*Stored entries*.
lemma lex_critical_delete_edge12:
  assumes crit: "lex_critical (clique_complex n (Y({1, 2} := True))) s"
    and card_s: "2 \<le> card s" and not_12: "\<not> {1, 2} \<subseteq> s"
  shows "lex_critical (clique_complex n (Y({1, 2} := False))) s"
proof -
  let ?L1 = "clique_complex n (Y({1, 2} := True))"
  let ?L0 = "clique_complex n (Y({1, 2} := False))"
  have same: "\<And>V. \<not> {1, 2} \<subseteq> V \<Longrightarrow> V \<in> ?L0 \<longleftrightarrow> V \<in> ?L1"
    using clique_complex_fun_upd_edge_iff by blast
  have "s \<in> ?L1" using crit unfolding lex_critical_def by blast
  then have s_L0: "s \<in> ?L0" using same[OF not_12] by simp
  obtain j where I1: "lex_I ?L1 s = {}" and j: "j < Min s" "insert j (s - {Min s}) \<in> ?L1"
    using crit lex_critical_iff[OF abstract_simplicial_complex_clique_complex \<open>s \<in> ?L1\<close> card_s] by blast
  have "lex_I ?L0 s = {}" using lex_I_mono[OF clique_complex_del_subset_add] I1 by blast
  have "finite s" using \<open>s \<in> ?L1\<close> abstract_simplicial_complexD[OF abstract_simplicial_complex_clique_complex] by blast
  have "1 \<le> j" using j(2) unfolding clique_complex_def by auto
  then have gt_2: "\<forall>x \<in> s - {Min s}. 2 < x" using Min_less_Diff_Min[OF \<open>finite s\<close>] j(1) by fastforce
  have no_12: "\<not> {1, 2} \<subseteq> insert j t" if "\<forall>x\<in>t. 2 < x" for t :: "nat set"
    using that by force
  have "insert j (s - {Min s}) \<in> ?L0" using same[OF no_12[OF gt_2]] j(2) by simp
  then show ?thesis
    using lex_critical_iff[OF abstract_simplicial_complex_clique_complex s_L0 card_s]
      \<open>lex_I ?L0 s = {}\<close> j(1) by blast
qed

lemma lex_critical_edge12_witness:
  assumes s': "s' \<subseteq> {3..n}" "s' \<noteq> {}"
    and clique: "insert 1 (insert 2 s') \<in> clique_complex n (Y({1, 2} := True))"
  shows "lex_critical (clique_complex n (Y({1, 2} := False))) (insert 2 s')"
    and "\<not> lex_critical (clique_complex n (Y({1, 2} := True))) (insert 2 s')"
proof -
  let ?L1 = "clique_complex n (Y({1, 2} := True))"
  let ?L0 = "clique_complex n (Y({1, 2} := False))"
  let ?s = "insert 2 s'"
  have same: "\<And>V. \<not> {1, 2} \<subseteq> V \<Longrightarrow> V \<in> ?L0 \<longleftrightarrow> V \<in> ?L1"
    using clique_complex_fun_upd_edge_iff by blast
  have sub: "\<And>V. V \<subseteq> insert 1 (insert 2 s') \<Longrightarrow> V \<noteq> {} \<Longrightarrow> V \<in> ?L1"
    using abstract_simplicial_complexD(3)[OF abstract_simplicial_complex_clique_complex clique] .
  have "1 \<notin> s'" "2 \<notin> s'" using s'(1) by auto
  have "finite s'" by (rule finite_subset[OF s'(1)]) simp
  have card_s: "2 \<le> card ?s"
    using \<open>2 \<notin> s'\<close> \<open>finite s'\<close> s'(2) by (simp add: Suc_le_eq card_gt_0_iff)
  have min_s: "Min ?s = 2" using s'(1) \<open>finite s'\<close> by (auto intro!: Min_eqI)
  have s_L1: "?s \<in> ?L1" by (rule sub) auto
  then have s_L0: "?s \<in> ?L0" using same[of ?s] \<open>1 \<notin> s'\<close> by simp
  have "lex_I ?L0 ?s = {}"
  proof -
    have "j \<notin> lex_I ?L0 ?s" for j
    proof
      assume "j \<in> lex_I ?L0 ?s"
      then have "j < 2" and j_L0: "insert j ?s \<in> ?L0" unfolding lex_I_def min_s by auto
      moreover have "1 \<le> j" using j_L0 unfolding clique_complex_def by auto
      ultimately have "{1, 2} \<subseteq> insert j ?s" by auto
      then show False using not_edge_subset_clique_complex_del[OF j_L0] by simp
    qed
    then show ?thesis by blast
  qed
  moreover have "insert 1 (?s - {Min ?s}) \<in> ?L0"
    using same[of "insert 1 s'"] sub[of "insert 1 s'"] min_s \<open>2 \<notin> s'\<close> by auto
  ultimately show "lex_critical ?L0 ?s"
    using lex_critical_iff[OF abstract_simplicial_complex_clique_complex s_L0 card_s] min_s by auto
  have "1 \<in> lex_I ?L1 ?s" unfolding lex_I_def min_s using clique by simp
  then show "\<not> lex_critical ?L1 ?s"
    using lex_critical_iff[OF abstract_simplicial_complex_clique_complex s_L1 card_s] by auto
qed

*What this task involves*.
Determine how many lines of the data contain "forall" and give nothing but that number.

*Completed exercise*.
2